Node.js offers a type of pseudo-concurrency facilitated by using an Event Loop and the programmer writing code in an Event-driven programming style (callbacks, Promises etc...), instead of creating separate threads for each request.
An oversimplification would be like this:
- Request A arrives and is put on the event queue.
- Request A requests data from the database.
- Request B arrives and is put on the event queue.
- Request B requests data from the database.
- Request B's database request arrives and request B is served with data.
- Request A's database request arrives and request A is served with data.
As you can see, Node accepts concurrent requests and serves each when necessary. It doesn't stop accepting incoming requests until another is served. It's non-blocking.
However the above scenario is a primarily I/O-bound example, where the Node.js concurrency model shines.

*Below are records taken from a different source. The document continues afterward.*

(* Let $b:\mathbb R\to\mathbb R$ be twice differentiable with $0<L_b\le b''(z)\le U_b$ for all $z$. Let $m\ge1$, $\lambda\in(0,1]$, $G>0$, $A>0$, let $t\ge3$ be an integer, let $\boldsymbol\theta_0\in\mathbb R^p$, let $\mathbf g_1,\dots,\mathbf g_{t-1},\mathbf u\in\mathbb R^p$ satisfy $\|\mathbf g_s\|_2\le G\sqrt m$ and $\|\mathbf u\|_2\le G\sqrt m$, let $r_1,\dots,r_{t-1}\in\mathbb R$ satisfy $\sum_{s=1}^{t-1}r_s^2\le A\,t\log t$, and let $\alpha=\sqrt t$. Define $$\mathcal L(\boldsymbol\theta)=\sum_{s=1}^{t-1}\Big(b(\langle\mathbf g_s,\boldsymbol\theta-\boldsymbol\theta_0\rangle)-r_s\langle\mathbf g_s,\boldsymbol\theta-\boldsymbol\theta_0\rangle\Big)+\frac{m\lambda}{2}\|\boldsymbol\theta-\boldsymbol\theta_0\|_2^2-\alpha\langle\mathbf u,\boldsymbol\theta-\boldsymbol\theta_0\rangle,$$ and the gradient-descent iterates $\boldsymbol\theta^{(0)}=\boldsymbol\theta_0$, $\boldsymbol\theta^{(j)}=\boldsymbol\theta^{(j-1)}-\eta\nabla\mathcal L(\boldsymbol\theta^{(j-1)})$ with $0<\eta\le(m\lambda+U_b\,t\,m\,G^2)^{-1}$. Then there is a constant $E>0$ depending only on $G,A,L_b,b(0),b'(0)$ such that for every $j\ge0$, $$\|\boldsymbol\theta^{(j)}-\boldsymbol\theta_0\|_2\le E\sqrt{\frac{t\log t}{m\lambda^2}}.$$ *)

theory Defs
  imports "HOL-Analysis.Analysis"
begin

text \<open>Vectors in R^p are represented as functions nat \<Rightarrow> real; only the
coordinates 0..p-1 matter (inner product, norm and gradient only look at them).\<close>

definition ipp :: "nat \<Rightarrow> (nat \<Rightarrow> real) \<Rightarrow> (nat \<Rightarrow> real) \<Rightarrow> real" where
  "ipp p x y = (\<Sum>i<p. x i * y i)"

definition nrmp :: "nat \<Rightarrow> (nat \<Rightarrow> real) \<Rightarrow> real" where
  "nrmp p x = sqrt (ipp p x x)"

definition gradp :: "nat \<Rightarrow> ((nat \<Rightarrow> real) \<Rightarrow> real) \<Rightarrow> (nat \<Rightarrow> real) \<Rightarrow> (nat \<Rightarrow> real)" where
  "gradp p f \<theta> = (\<lambda>i. if i < p then deriv (\<lambda>x. f (\<theta>(i := x))) (\<theta> i) else 0)"

fun gd :: "nat \<Rightarrow> ((nat \<Rightarrow> real) \<Rightarrow> real) \<Rightarrow> real \<Rightarrow> (nat \<Rightarrow> real) \<Rightarrow> nat \<Rightarrow> (nat \<Rightarrow> real)" where
  "gd p f \<eta> \<theta>0 0 = \<theta>0"
| "gd p f \<eta> \<theta>0 (Suc j) =
     (\<lambda>i. gd p f \<eta> \<theta>0 j i - \<eta> * gradp p f (gd p f \<eta> \<theta>0 j) i)"

definition lossL :: "(real \<Rightarrow> real) \<Rightarrow> nat \<Rightarrow> nat \<Rightarrow> (nat \<Rightarrow> nat \<Rightarrow> real) \<Rightarrow> (nat \<Rightarrow> real)
   \<Rightarrow> (nat \<Rightarrow> real) \<Rightarrow> (nat \<Rightarrow> real) \<Rightarrow> nat \<Rightarrow> real \<Rightarrow> (nat \<Rightarrow> real) \<Rightarrow> real" where
  "lossL b p t g r u \<theta>0 m lam \<theta> =
     (let d = (\<lambda>i. \<theta> i - \<theta>0 i) in
      (\<Sum>s=1..t-1. b (ipp p (g s) d) - r s * ipp p (g s) d)
      + real m * lam / 2 * (nrmp p d)\<^sup>2 - sqrt (real t) * ipp p u d)"

end

theory Submission
  imports Defs
begin

text \<open>Gradient descent with step size at most the inverse of the smoothness constant
\<open>m\<lambda> + U\<^sub>b t m G\<^sup>2\<close> of the loss never increases the loss (descent lemma), so every iterate
satisfies \<open>L(\<theta>\<^sub>j) \<le> L(\<theta>\<^sub>0)\<close>. On the other hand, strong convexity of \<open>b\<close> bounds each summand
\<open>b(x) - r\<^sub>s x\<close> below by \<open>b(0) - (b'(0)\<^sup>2 + r\<^sub>s\<^sup>2) / L\<^sub>b\<close>, and Cauchy-Schwarz bounds the term in
\<open>u\<close>, so with \<open>N = \<parallel>\<theta> - \<theta>\<^sub>0\<parallel>\<close>
  \<open>L(\<theta>) \<ge> L(\<theta>\<^sub>0) - C t log t + m\<lambda>/2 N\<^sup>2 - \<surd>t G \<surd>m N\<close>.
Comparing both bounds at an iterate gives a quadratic inequality in \<open>N\<close>; its positive root is at
most \<open>E \<surd>(t log t / (m\<lambda>\<^sup>2))\<close> with \<open>E = 2G + \<surd>(2 (b'(0)\<^sup>2 + A) / L\<^sub>b)\<close>, which does not
even depend on \<open>b(0)\<close>.\<close>

lemma ipp_commute: "ipp p x y = ipp p y x"
  unfolding ipp_def by (simp add: mult.commute)

lemma ipp_self_nonneg: "ipp p x x \<ge> 0"
  unfolding ipp_def by (auto intro: sum_nonneg)

lemma nrmp_nonneg: "nrmp p x \<ge> 0"
  unfolding nrmp_def using ipp_self_nonneg by simp

lemma power2_nrmp: "(nrmp p x)\<^sup>2 = ipp p x x"
  unfolding nrmp_def using ipp_self_nonneg by simp

lemma ipp_cong: "(\<And>k. k < p \<Longrightarrow> x k = x' k) \<Longrightarrow> (\<And>k. k < p \<Longrightarrow> y k = y' k) \<Longrightarrow> ipp p x y = ipp p x' y'"
  unfolding ipp_def by (rule sum.cong) auto

lemma ipp_zero_right: "ipp p x (\<lambda>k. 0) = 0"
  unfolding ipp_def by simp

lemma ipp_diff_scale_right: "ipp p x (\<lambda>k. y k - c * z k) = ipp p x y - c * ipp p x z"
  unfolding ipp_def by (simp add: algebra_simps sum_subtractf sum_distrib_left)

lemma ipp_diff_scale_left: "ipp p (\<lambda>k. x k - c * y k) z = ipp p x z - c * ipp p y z"
  unfolding ipp_def by (simp add: algebra_simps sum_subtractf sum_distrib_left)

lemma ipp_sum_scale_left: "ipp p (\<lambda>k. \<Sum>s\<in>S. c s * x s k) y = (\<Sum>s\<in>S. c s * ipp p (x s) y)"
  unfolding ipp_def
  by (simp add: sum_distrib_right sum_distrib_left mult.assoc sum.swap[of _ "{..<p}"])

lemma ipp_add_scale_diff_left:
  "ipp p (\<lambda>k. x k + a * y k - c * z k) w = ipp p x w + a * ipp p y w - c * ipp p z w"
  unfolding ipp_def by (simp add: algebra_simps sum_subtractf sum.distrib sum_distrib_left)

lemma power2_ipp_le: "(ipp p x y)\<^sup>2 \<le> ipp p x x * ipp p y y"
  unfolding ipp_def using Cauchy_Schwarz_ineq_sum[of x y "{..<p}"] by (simp add: power2_eq_square)

lemma abs_ipp_le: "\<bar>ipp p x y\<bar> \<le> nrmp p x * nrmp p y"
proof -
  have "\<bar>ipp p x y\<bar> = sqrt ((ipp p x y)\<^sup>2)" by simp
  also have "\<dots> \<le> sqrt (ipp p x x * ipp p y y)" using power2_ipp_le real_sqrt_le_mono by blast
  finally show ?thesis unfolding nrmp_def by (simp add: real_sqrt_mult)
qed

lemma ipp_fun_upd_right:
  assumes "i < p"
  shows "ipp p y (\<lambda>k. (\<theta>(i := x)) k - \<theta>0 k) = ipp p y (\<lambda>k. \<theta> k - \<theta>0 k) + y i * (x - \<theta> i)"
proof -
  have "ipp p y (\<lambda>k. (\<theta>(i := x)) k - \<theta>0 k)
      = (\<Sum>k<p. y k * (\<theta> k - \<theta>0 k) + (if k = i then y i * (x - \<theta> i) else 0))"
    unfolding ipp_def by (rule sum.cong) (auto simp: algebra_simps)
  with assms show ?thesis by (simp add: sum.distrib ipp_def)
qed

lemma ipp_fun_upd_self:
  assumes "i < p"
  shows "ipp p (\<lambda>k. (\<theta>(i := x)) k - \<theta>0 k) (\<lambda>k. (\<theta>(i := x)) k - \<theta>0 k)
     = ipp p (\<lambda>k. \<theta> k - \<theta>0 k) (\<lambda>k. \<theta> k - \<theta>0 k) + ((x - \<theta>0 i)\<^sup>2 - (\<theta> i - \<theta>0 i)\<^sup>2)"
proof -
  have "ipp p (\<lambda>k. (\<theta>(i := x)) k - \<theta>0 k) (\<lambda>k. (\<theta>(i := x)) k - \<theta>0 k)
      = (\<Sum>k<p. (\<theta> k - \<theta>0 k) * (\<theta> k - \<theta>0 k)
                 + (if k = i then (x - \<theta>0 i)\<^sup>2 - (\<theta> i - \<theta>0 i)\<^sup>2 else 0))"
    unfolding ipp_def by (rule sum.cong) (auto simp: algebra_simps power2_eq_square)
  with assms show ?thesis by (simp add: sum.distrib ipp_def)
qed

lemma Taylor_second_order:
  fixes f f' f'' :: "real \<Rightarrow> real"
  assumes "\<And>z. (f has_real_derivative f' z) (at z)" and "\<And>z. (f' has_real_derivative f'' z) (at z)"
  obtains \<xi> where "f y = f x + f' x * (y - x) + f'' \<xi> / 2 * (y - x)\<^sup>2"
proof (cases "y = x")
  case True
  then show ?thesis using that by simp
next
  case False
  define diff where "diff = (\<lambda>k::nat. if k = 0 then f else if k = 1 then f' else f'')"
  have "\<exists>\<xi>. (if y < x then y < \<xi> \<and> \<xi> < x else x < \<xi> \<and> \<xi> < y) \<and>
    f y = (\<Sum>k<2. diff k x / fact k * (y - x) ^ k) + diff 2 \<xi> / fact 2 * (y - x) ^ 2"
    by (rule Taylor[of 2 diff f "min x y" "max x y"])
      (use False assms in \<open>auto simp: diff_def less_2_cases_iff\<close>)
  then show ?thesis
    using that by (auto simp: diff_def numeral_2_eq_2)
qed

lemma Taylor_second_order_lower:
  fixes f f' f'' :: "real \<Rightarrow> real"
  assumes "\<And>z. (f has_real_derivative f' z) (at z)" and "\<And>z. (f' has_real_derivative f'' z) (at z)"
    and "\<And>z. L \<le> f'' z"
  shows "f x + f' x * (y - x) + L / 2 * (y - x)\<^sup>2 \<le> f y"
proof -
  obtain \<xi> where "f y = f x + f' x * (y - x) + f'' \<xi> / 2 * (y - x)\<^sup>2"
    using Taylor_second_order assms(1,2) .
  moreover have "L / 2 * (y - x)\<^sup>2 \<le> f'' \<xi> / 2 * (y - x)\<^sup>2"
    using assms(3) by (intro mult_right_mono) auto
  ultimately show ?thesis by linarith
qed

lemma Taylor_second_order_upper:
  fixes f f' f'' :: "real \<Rightarrow> real"
  assumes "\<And>z. (f has_real_derivative f' z) (at z)" and "\<And>z. (f' has_real_derivative f'' z) (at z)"
    and "\<And>z. f'' z \<le> U"
  shows "f y \<le> f x + f' x * (y - x) + U / 2 * (y - x)\<^sup>2"
proof -
  obtain \<xi> where "f y = f x + f' x * (y - x) + f'' \<xi> / 2 * (y - x)\<^sup>2"
    using Taylor_second_order assms(1,2) .
  moreover have "f'' \<xi> / 2 * (y - x)\<^sup>2 \<le> U / 2 * (y - x)\<^sup>2"
    using assms(3) by (intro mult_right_mono) auto
  ultimately show ?thesis by linarith
qed

lemma self_le_mult_ln:
  fixes x :: real
  assumes "exp 1 \<le> x"
  shows "x \<le> x * ln x"
proof -
  have "x > 0" using assms exp_gt_zero[of 1] by linarith
  moreover have "1 \<le> ln x"
    using assms \<open>x > 0\<close> by (subst ln_ge_iff) auto
  ultimately show ?thesis by (simp add: mult_le_cancel_left1)
qed

lemma quadratic_lower_bound:
  fixes a c x :: real
  assumes "a > 0"
  shows "- c\<^sup>2 / (2 * a) \<le> c * x + a / 2 * x\<^sup>2"
proof -
  have "2 * a * (c * x + a / 2 * x\<^sup>2) + c\<^sup>2 = (a * x + c)\<^sup>2"
    by (simp add: power2_eq_square algebra_simps)
  then have "- c\<^sup>2 \<le> 2 * a * (c * x + a / 2 * x\<^sup>2)"
    using zero_le_power2[of "a * x + c"] by linarith
  with assms show ?thesis by (simp add: field_simps)
qed

lemma quadratic_ineq_root_bound:
  fixes a b c x :: real
  assumes "a > 0" "b \<ge> 0" "c \<ge> 0" "x \<ge> 0" and "a * x\<^sup>2 \<le> b * x + c"
  shows "x \<le> b / a + sqrt (c / a)"
proof (rule ccontr)
  define s where "s = sqrt (c / a)"
  have s: "s \<ge> 0" "a * s * s = c"
    using assms(1,3) by (auto simp: s_def mult.assoc)
  assume "\<not> ?thesis"
  then have x: "x > b / a + s" unfolding s_def by simp
  then have "a * x - b > a * s"
    using assms(1) by (simp add: field_simps)
  moreover have "x > s"
    using x assms(1,2) by (smt (verit) divide_nonneg_pos)
  ultimately have "x * (a * x - b) > s * (a * s)"
    using assms(1) s(1) by (intro mult_strict_mono') auto
  with s(2) assms(5) show False by (simp add: algebra_simps power2_eq_square)
qed

definition lossL_grad :: "(real \<Rightarrow> real) \<Rightarrow> nat \<Rightarrow> nat \<Rightarrow> (nat \<Rightarrow> nat \<Rightarrow> real) \<Rightarrow> (nat \<Rightarrow> real)
   \<Rightarrow> (nat \<Rightarrow> real) \<Rightarrow> (nat \<Rightarrow> real) \<Rightarrow> nat \<Rightarrow> real \<Rightarrow> (nat \<Rightarrow> real) \<Rightarrow> (nat \<Rightarrow> real)" where
  "lossL_grad b p t g r u \<theta>0 m lam \<theta> =
     (let d = (\<lambda>i. \<theta> i - \<theta>0 i) in
      (\<lambda>i. (\<Sum>s=1..t-1. (deriv b (ipp p (g s) d) - r s) * g s i)
           + real m * lam * d i - sqrt (real t) * u i))"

In contrast, if your requests are primarily CPU-bound (instead of I/O bound) then you freeze the single thread (remember Node.js is single-threaded) it runs on, requests cannot be accepted and your server "freezes" for the duration of that single request CPU computation.
...In other words, is multithreading enabled?

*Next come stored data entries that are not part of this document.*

lemma sum_atLeast0_atMost_even_indices:
  fixes g :: "nat \<Rightarrow> 'a::comm_monoid_add"
  assumes "\<And>j. j \<le> n \<Longrightarrow> odd j \<Longrightarrow> g j = 0"
  shows "(\<Sum>j=0..n. g j) = (\<Sum>i=0..n div 2. g (2 * i))"
proof -
  have "(\<Sum>i=0..n div 2. g (2 * i)) = sum g ((*) 2 ` {0..n div 2})"
    by (subst sum.reindex) (auto simp: inj_on_def)
  also have "\<dots> = (\<Sum>j=0..n. g j)"
  proof (rule sum.mono_neutral_left)
    show "\<forall>j\<in>{0..n} - (*) 2 ` {0..n div 2}. g j = 0"
    proof
      fix j assume j: "j \<in> {0..n} - (*) 2 ` {0..n div 2}"
      then have "odd j"
        by (auto simp: image_iff elim!: evenE dest: spec[of _ "j div 2"])
      with j show "g j = 0" using assms by auto
    qed
  qed auto
  finally show ?thesis ..
qed

lemma sum_atLeast0_atMost_mirror_pairs:
  fixes G :: "nat \<Rightarrow> 'a::comm_monoid_add"
  assumes "\<And>k. 2 * k = n \<Longrightarrow> G k = 0"
  shows "(\<Sum>k=0..n. G k) = (\<Sum>k | 2 * k < n. G k + G (n - k))"
proof -
  let ?L = "{k. 2 * k < n}" and ?R = "(\<lambda>k. n - k) ` {k. 2 * k < n}"
  have fin: "finite ?L"
    by (rule finite_subset[of _ "{..<n}"]) auto
  have "(\<Sum>k=0..n. G k) = (\<Sum>k \<in> ?L \<union> ?R. G k)"
  proof (rule sum.mono_neutral_right)
    show "\<forall>k\<in>{0..n} - (?L \<union> ?R). G k = 0"
    proof
      fix k assume k: "k \<in> {0..n} - (?L \<union> ?R)"
      have "2 * k = n"
      proof (rule ccontr)
        assume "2 * k \<noteq> n"
        with k have "n - k \<in> ?L" and "k = n - (n - k)" by auto
        with k show False by blast
      qed
      then show "G k = 0" by (rule assms)
    qed
  qed auto
  also have "\<dots> = (\<Sum>k \<in> ?L. G k) + (\<Sum>k \<in> ?R. G k)"
    by (rule sum.union_disjoint) (use fin in auto)
  also have "(\<Sum>k \<in> ?R. G k) = (\<Sum>k \<in> ?L. G (n - k))"
    by (subst sum.reindex) (auto simp: inj_on_def)
  finally show ?thesis
    by (simp add: sum.distrib)
qed

lemma cos_of_nat_mult_pi_half:
  "cos (real m * pi / 2) = (if even m then (-1) ^ (m div 2) else 0)"
proof (cases "even m")
  case True
  then obtain i where "m = 2 * i" by (rule evenE)
  then show ?thesis by simp
next
  case False
  then obtain i where "m = 2 * i + 1" by (rule oddE)
  then have "cos (real m * pi / 2) = cos (real i * pi + pi / 2)"
    by (intro arg_cong[where f = cos]) (simp add: field_simps)
  then show ?thesis using False by (simp add: cos_add)
qed

lemma dfact_double: "dfact (2 * i) = 2 ^ i * fact i"
  by (induction i) (simp_all add: mult_2 algebra_simps)

definition kapteyn_coeff :: "nat \<Rightarrow> nat \<Rightarrow> real" where
  "kapteyn_coeff n k = (-1) ^ k * real (n choose k) * (real k - real n / 2) ^ n"

lemma kapteyn_coeff_symmetric:
  assumes "k \<le> n"
  shows "kapteyn_coeff n (n - k) = kapteyn_coeff n k"
proof -
  have "real (n - k) - real n / 2 = - (real k - real n / 2)"
    using assms by simp
  then have "(real (n - k) - real n / 2) ^ n = (-1) ^ n * (real k - real n / 2) ^ n"
    by (metis power_minus)
  moreover have "(-1::real) ^ (n - k) * (-1) ^ n = (-1) ^ k"
  proof -
    have "n - k + n = k + 2 * (n - k)"
      using assms by simp
    then show ?thesis
      by (simp only: power_add[symmetric]) (simp add: power_add power_mult)
  qed
  ultimately show ?thesis
    unfolding kapteyn_coeff_def binomial_symmetric[OF assms, symmetric]
    by (simp flip: \<open>(-1) ^ (n - k) * (-1) ^ n = (-1) ^ k\<close> add: mult_ac)
qed

lemma kapteyn_coeff_middle:
  assumes "n \<noteq> 0" and "2 * k = n"
  shows "kapteyn_coeff n k = 0"
proof -
  have "real k - real n / 2 = 0"
    by (simp flip: assms(2))
  then show ?thesis
    using assms(1) by (simp add: kapteyn_coeff_def)
qed

lemma sum_kapteyn_coeff: "(\<Sum>k=0..n. kapteyn_coeff n k) = (-1) ^ n * fact n"
  using alternating_binomial_sum_power[of n n "- real n / 2"]
  by (simp add: kapteyn_coeff_def atLeast0AtMost)

lemma kapteyn_coeff_eq_fact:
  assumes "j \<le> n"
  shows "(-1) ^ n / fact n * kapteyn_coeff n j
       = (-1) ^ j * (real n - 2 * real j) ^ n / (2 ^ n * (fact j * fact (n - j)))"
proof -
  have "real j - real n / 2 = - ((real n - 2 * real j) / 2)"
    by (simp add: field_simps)
  then have "(real j - real n / 2) ^ n = (-1) ^ n * (real n - 2 * real j) ^ n / 2 ^ n"
    by (metis power_minus power_divide times_divide_eq_right)
  moreover have "real (n choose j) = fact n / (fact j * fact (n - j))"
    using binomial_fact[OF assms] by simp
  ultimately show ?thesis
    by (simp add: kapteyn_coeff_def field_simps flip: power_add)
qed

I assume that a lot of Node's underlying libraries (libuv for example) do use multiple threads, however the ability to directly control threads is not exposed to the user (although in theory you can write native C++ addons where you can harness multithreading).
If you're worried that you're not utilising all CPU cores, you should look into the cluster module to spin up multiple Node.js server processes. In this case the problem is taken off your hands; the O/S scheduler should, in most cases, spread the processes across available cores; this however is called multi-processing, not multithreading.